Like “Hollywood,” the term “South Central” conjures up not a geographic location so much as specific imagery and impressions derived from the news and pop culture. Examples include Ice-T’s “6 in the Mornin’,” “Looked in the mirror, what did we see? Fuckin’ blue lights, LAPD”; Ralph Fiennes as volatile gang boss Harry Waters snarkily decrying the need for an assault weapon in the film In Bruges, “An Uzi? I’m not from South Central Los fucking Angeles”; the movie South Central based on Donald Bakeer’s novel Crips, with Glenn Plummer as Bobby Johnson, an ex-con on parole trying to steer his son away from the gang life that’s consuming him; and Moesha, a slightly edgy network sitcom starring singer Brandy Norwood, about coming of age in Leimert Park.
In 2003, the Los Angeles City Council rechristened the whole of it “South LA” to blunt its infamous reputation — though they maintained a 2.25-square-mile area within its boundaries as “Historic South Central,” whatever that’s supposed to mean. Nonetheless, the South Central where I grew up remains a locale where the majority of the residents work hard and share many of the same concerns as those who reside in Westside neighborhoods. It’s a place where the demographics and physical characteristics have changed since my youth, where even gentrification has crept in.

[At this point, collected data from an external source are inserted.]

(* Let $(M,\tau)$ be a Real manifold which is connected and simply connected. Then the sequence $$0 \longrightarrow H^0(M;\mathbb Z_2,\mathcal U(1)) \longrightarrow H^0(M,\mathcal U(1)) \xrightarrow{\ g\,\mapsto\, \bar g\,(g\circ\tau)\ } H^0(M;\mathbb Z_2,\overline{\mathcal U(1)}) \xrightarrow{\ \epsilon\ } \mathbb Z_2 \longrightarrow 0$$ is exact, where the first map is the inclusion and $\epsilon$ is defined as follows: for a Real map $f\colon M\to U(1)$ (i.e. $f\circ\tau=\bar f$) choose a smooth lift $\hat f\colon M\to\mathbb R$ with $f=e^{2\pi i\hat f}$; then $\hat f\circ\tau+\hat f$ is a constant integer $k$, and $\epsilon(f)=k \bmod 2$ (which is independent of the lift).
   Context: A Real manifold is a smooth manifold $M$ with a smooth involution $\tau\colon M\to M$. $\mathcal U(1)$ denotes the sheaf of smooth $U(1)$-valued functions on $M$; regarded as a $\mathbb Z_2$-sheaf it carries the action $f\mapsto f\circ\tau$, and $\overline{\mathcal U(1)}$ denotes the same sheaf with the $\mathbb Z_2$-action $f\mapsto \bar f\circ\tau$. $H^p(M;\mathbb Z_2,\mathcal S)$ denotes Grothendieck's equivariant sheaf cohomology and $H^p(M,\mathcal U(1))$ ordinary sheaf cohomology. Concretely, $H^0(M,\mathcal U(1))$ is the group of smooth maps $M\to U(1)$, $H^0(M;\mathbb Z_2,\mathcal U(1))$ is the subgroup of maps with $f\circ\tau=f$, and $H^0(M;\mathbb Z_2,\overline{\mathcal U(1)})$ the subgroup of maps with $f\circ\tau=\bar f$. *)

theory Defs
  imports "HOL-Analysis.Analysis"
begin

fun smooth_k :: "nat \<Rightarrow> 'a::euclidean_space set \<Rightarrow> ('a \<Rightarrow> 'b::real_normed_vector) \<Rightarrow> bool" where
  "smooth_k 0 U f = continuous_on U f"
| "smooth_k (Suc n) U f =
     ((\<forall>x\<in>U. f differentiable (at x)) \<and>
      (\<forall>v. smooth_k n U (\<lambda>x. frechet_derivative f (at x) v)))"

definition smooth_open :: "'a::euclidean_space set \<Rightarrow> ('a \<Rightarrow> 'b::real_normed_vector) \<Rightarrow> bool" where
  "smooth_open U f \<longleftrightarrow> open U \<and> (\<forall>n. smooth_k n U f)"

definition smooth_on :: "'a::euclidean_space set \<Rightarrow> ('a \<Rightarrow> 'b::real_normed_vector) \<Rightarrow> bool" where
  "smooth_on S f \<longleftrightarrow>
     (\<forall>x\<in>S. \<exists>U g. open U \<and> x \<in> U \<and> smooth_open U g \<and> (\<forall>y\<in>S \<inter> U. g y = f y))"

text \<open>Embedded smooth submanifold of the Euclidean space 'a, modelled on the
  Euclidean space 'b: every point has a smooth chart with smooth inverse onto an
  open subset of 'b.  (By Whitney's embedding theorem every smooth manifold is
  diffeomorphic to such a submanifold.)\<close>
definition smooth_submanifold :: "'a::euclidean_space set \<Rightarrow> 'b::euclidean_space itself \<Rightarrow> bool" where
  "smooth_submanifold S _ \<longleftrightarrow>
     (\<forall>x\<in>S. \<exists>V W (\<phi>::'a \<Rightarrow> 'b) \<psi>. open V \<and> x \<in> V \<and> open W \<and>
        homeomorphism (S \<inter> V) W \<phi> \<psi> \<and> smooth_on (S \<inter> V) \<phi> \<and> smooth_on W \<psi>)"

definition smooth_involution :: "'a::euclidean_space set \<Rightarrow> ('a \<Rightarrow> 'a) \<Rightarrow> bool" where
  "smooth_involution S \<tau> \<longleftrightarrow> smooth_on S \<tau> \<and> \<tau> ` S \<subseteq> S \<and> (\<forall>x\<in>S. \<tau> (\<tau> x) = x)"

definition H0_U1 :: "'a::euclidean_space set \<Rightarrow> ('a \<Rightarrow> complex) set" where
  "H0_U1 S = {g. smooth_on S g \<and> (\<forall>x\<in>S. norm (g x) = 1)}"

definition H0_inv :: "'a::euclidean_space set \<Rightarrow> ('a \<Rightarrow> 'a) \<Rightarrow> ('a \<Rightarrow> complex) set" where
  "H0_inv S \<tau> = {g \<in> H0_U1 S. \<forall>x\<in>S. g (\<tau> x) = g x}"

definition H0_real :: "'a::euclidean_space set \<Rightarrow> ('a \<Rightarrow> 'a) \<Rightarrow> ('a \<Rightarrow> complex) set" where
  "H0_real S \<tau> = {f \<in> H0_U1 S. \<forall>x\<in>S. f (\<tau> x) = cnj (f x)}"

definition real_map :: "('a \<Rightarrow> 'a) \<Rightarrow> ('a \<Rightarrow> complex) \<Rightarrow> ('a \<Rightarrow> complex)" where
  "real_map \<tau> g = (\<lambda>x. cnj (g x) * g (\<tau> x))"

definition is_lift :: "'a::euclidean_space set \<Rightarrow> ('a \<Rightarrow> complex) \<Rightarrow> ('a \<Rightarrow> real) \<Rightarrow> bool" where
  "is_lift S f h \<longleftrightarrow> smooth_on S h \<and>
     (\<forall>x\<in>S. f x = exp (2 * complex_of_real pi * \<i> * complex_of_real (h x)))"

definition eps :: "'a::euclidean_space set \<Rightarrow> ('a \<Rightarrow> 'a) \<Rightarrow> ('a \<Rightarrow> complex) \<Rightarrow> int" where
  "eps S \<tau> f = (SOME k::int. \<exists>h. is_lift S f h \<and> (\<forall>x\<in>S. h (\<tau> x) + h x = of_int k)) mod 2"

end

theory Submission
  imports Defs
begin

text \<open>Since M is simply connected and locally path connected, every smooth f : M \<rightarrow> U(1) lifts to a
  smooth h with f = exp (2\<pi>i h).  For a Real map f the relation f \<circ> \<tau> = cnj f makes h \<circ> \<tau> + h a
  continuous integer-valued function, hence a constant k on the connected M; changing the lift by an
  integer c changes k by 2c, so k mod 2 is well defined and additive.  It vanishes exactly on the maps
  cnj g \<cdot> (g \<circ> \<tau>), and the constant map -1, with lift 1/2, has k = 1.\<close>

section \<open>Smooth maps on open sets\<close>

lemma smooth_k_subset: "smooth_k n U f \<Longrightarrow> V \<subseteq> U \<Longrightarrow> smooth_k n V f"
  by (induction n arbitrary: f) (auto intro: continuous_on_subset)

lemma smooth_k_Suc_imp_smooth_k: "smooth_k (Suc n) U f \<Longrightarrow> smooth_k n U f"
proof (induction n arbitrary: f)
  case 0
  then show ?case
    by (auto intro!: continuous_at_imp_continuous_on differentiable_imp_continuous_within)
next
  case (Suc n)
  then show ?case by (metis smooth_k.simps(2))
qed

lemma smooth_k_Suc_has_derivative:
  "smooth_k (Suc n) U f \<Longrightarrow> x \<in> U \<Longrightarrow> (f has_derivative frechet_derivative f (at x)) (at x)"
  using frechet_derivative_works by auto

lemma smooth_k_cong:
  "open U \<Longrightarrow> (\<And>x. x \<in> U \<Longrightarrow> f x = g x) \<Longrightarrow> smooth_k n U f \<Longrightarrow> smooth_k n U g"
proof (induction n arbitrary: f g)
  case 0
  then show ?case by (metis continuous_on_cong smooth_k.simps(1))
next
  case (Suc n)
  have deriv: "(g has_derivative frechet_derivative f (at x)) (at x)" if "x \<in> U" for x
    using has_derivative_transform_within_open[OF smooth_k_Suc_has_derivative[OF Suc.prems(3) that]]
      Suc.prems(1,2) that by blast
  then have "g differentiable (at x)" if "x \<in> U" for x
    using that by (auto simp: differentiable_def)
  moreover have "frechet_derivative g (at x) = frechet_derivative f (at x)" if "x \<in> U" for x
    using deriv[OF that] frechet_derivative_at by metis
  then have "smooth_k n U (\<lambda>x. frechet_derivative g (at x) v)" for v
    using Suc.IH[OF Suc.prems(1), of "\<lambda>x. frechet_derivative f (at x) v"] Suc.prems(3) by simp
  ultimately show ?case by simp
qed

lemma smooth_k_SucI:
  assumes "open U" "\<And>x. x \<in> U \<Longrightarrow> (f has_derivative D x) (at x)" "\<And>v. smooth_k n U (\<lambda>x. D x v)"
  shows "smooth_k (Suc n) U f"
proof -
  have "frechet_derivative f (at x) = D x" if "x \<in> U" for x
    using assms(2)[OF that] frechet_derivative_at by metis
  then show ?thesis
    using assms smooth_k_cong[OF assms(1), of "\<lambda>x. D x _" "\<lambda>x. frechet_derivative f (at x) _"]
    by (auto simp: differentiable_def)
qed

lemma smooth_k_const: "open U \<Longrightarrow> smooth_k n U (\<lambda>x. c)"
proof (induction n arbitrary: c)
  case (Suc n)
  then show ?case by (intro smooth_k_SucI[where D="\<lambda>x v. 0"]) auto
qed simp

lemma smooth_k_bounded_linear:
  "open U \<Longrightarrow> bounded_linear L \<Longrightarrow> smooth_k n U f \<Longrightarrow> smooth_k n U (\<lambda>x. L (f x))"
proof (induction n arbitrary: f)
  case 0
  then show ?case by (auto intro: continuous_on_compose2[OF linear_continuous_on])
next
  case (Suc n)
  show ?case
  proof (rule smooth_k_SucI[where D="\<lambda>x v. L (frechet_derivative f (at x) v)"])
    show "((\<lambda>x. L (f x)) has_derivative (\<lambda>v. L (frechet_derivative f (at x) v))) (at x)"
      if "x \<in> U" for x
      using bounded_linear.has_derivative[OF Suc.prems(2) smooth_k_Suc_has_derivative] Suc.prems that
      by blast
  qed (use Suc in simp_all)
qed

lemma smooth_k_add:
  "open U \<Longrightarrow> smooth_k n U f \<Longrightarrow> smooth_k n U g \<Longrightarrow> smooth_k n U (\<lambda>x. f x + g x)"
proof (induction n arbitrary: f g)
  case 0
  then show ?case by (auto intro: continuous_on_add)
next
  case (Suc n)
  show ?case
  proof (rule smooth_k_SucI
      [where D="\<lambda>x v. frechet_derivative f (at x) v + frechet_derivative g (at x) v"])
    show "((\<lambda>x. f x + g x) has_derivative
        (\<lambda>v. frechet_derivative f (at x) v + frechet_derivative g (at x) v)) (at x)" if "x \<in> U" for x
      using has_derivative_add[OF smooth_k_Suc_has_derivative smooth_k_Suc_has_derivative] Suc.prems that
      by blast
  qed (use Suc in simp_all)
qed

lemma smooth_k_sum:
  assumes "open U" "finite I" "\<And>i. i \<in> I \<Longrightarrow> smooth_k n U (F i)"
  shows "smooth_k n U (\<lambda>x. \<Sum>i\<in>I. F i x)"
  using assms(2,3)
  by (induction I rule: finite_induct) (simp_all add: smooth_k_const smooth_k_add assms(1))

This, then, is the backdrop to South Central Noir. Within these pages you’ll find stories of those walking the straight and narrow — until something untoward happens. Maybe it’s someone taking a step out of line, getting caught up in circumstances spiraling out of their control. Maybe they’re planning the grift, the grab... whatever it is to finally put them over. Other times the steps they take are to get themselves or people they care about out from under. You’ll find the offerings in these pages are a rich mix of tone — tales told of hope, survival, revenge, and triumph. Excursions beyond the headlines and the hype.
The settings herein reflect South Central today or chronicle its colorful past, such as the days of the jazz joints along Central Avenue, venues like Jack’s Basket and the Club Alabam. The LAPD’s intelligence squad infiltrating left organizations is threaded in here, as well as what jumped off at Florence and Normandie that fateful day in April 1992, the flashpoint of the civil unrest that garnered world attention. Key landmarks also figure in these stories, such as the Watts Towers, the old Holiday Bowl on Crenshaw where people of various races used to congregate, and the Dunbar Hotel, built by Black folks to cater to people of color in a segregated city.
For the purposes of this collection, South Central is defined as roughly thirty-three square miles: Washington Boulevard to the north, Imperial Highway to the south, Alameda Boulevard to the east, and Crenshaw Boulevard to the west (bearing in mind that those boundaries are somewhat fluid). From South Park to East Martin Luther King Jr. Boulevard, from the borderlands of Watts to the one-time Southern Pacific railroad tracks paralleling Slauson Avenue, take a tour of a section of Los Angeles that may be unfamiliar to you but you will get to know, at least a little, by the time you finish reading this entertaining and engaging anthology.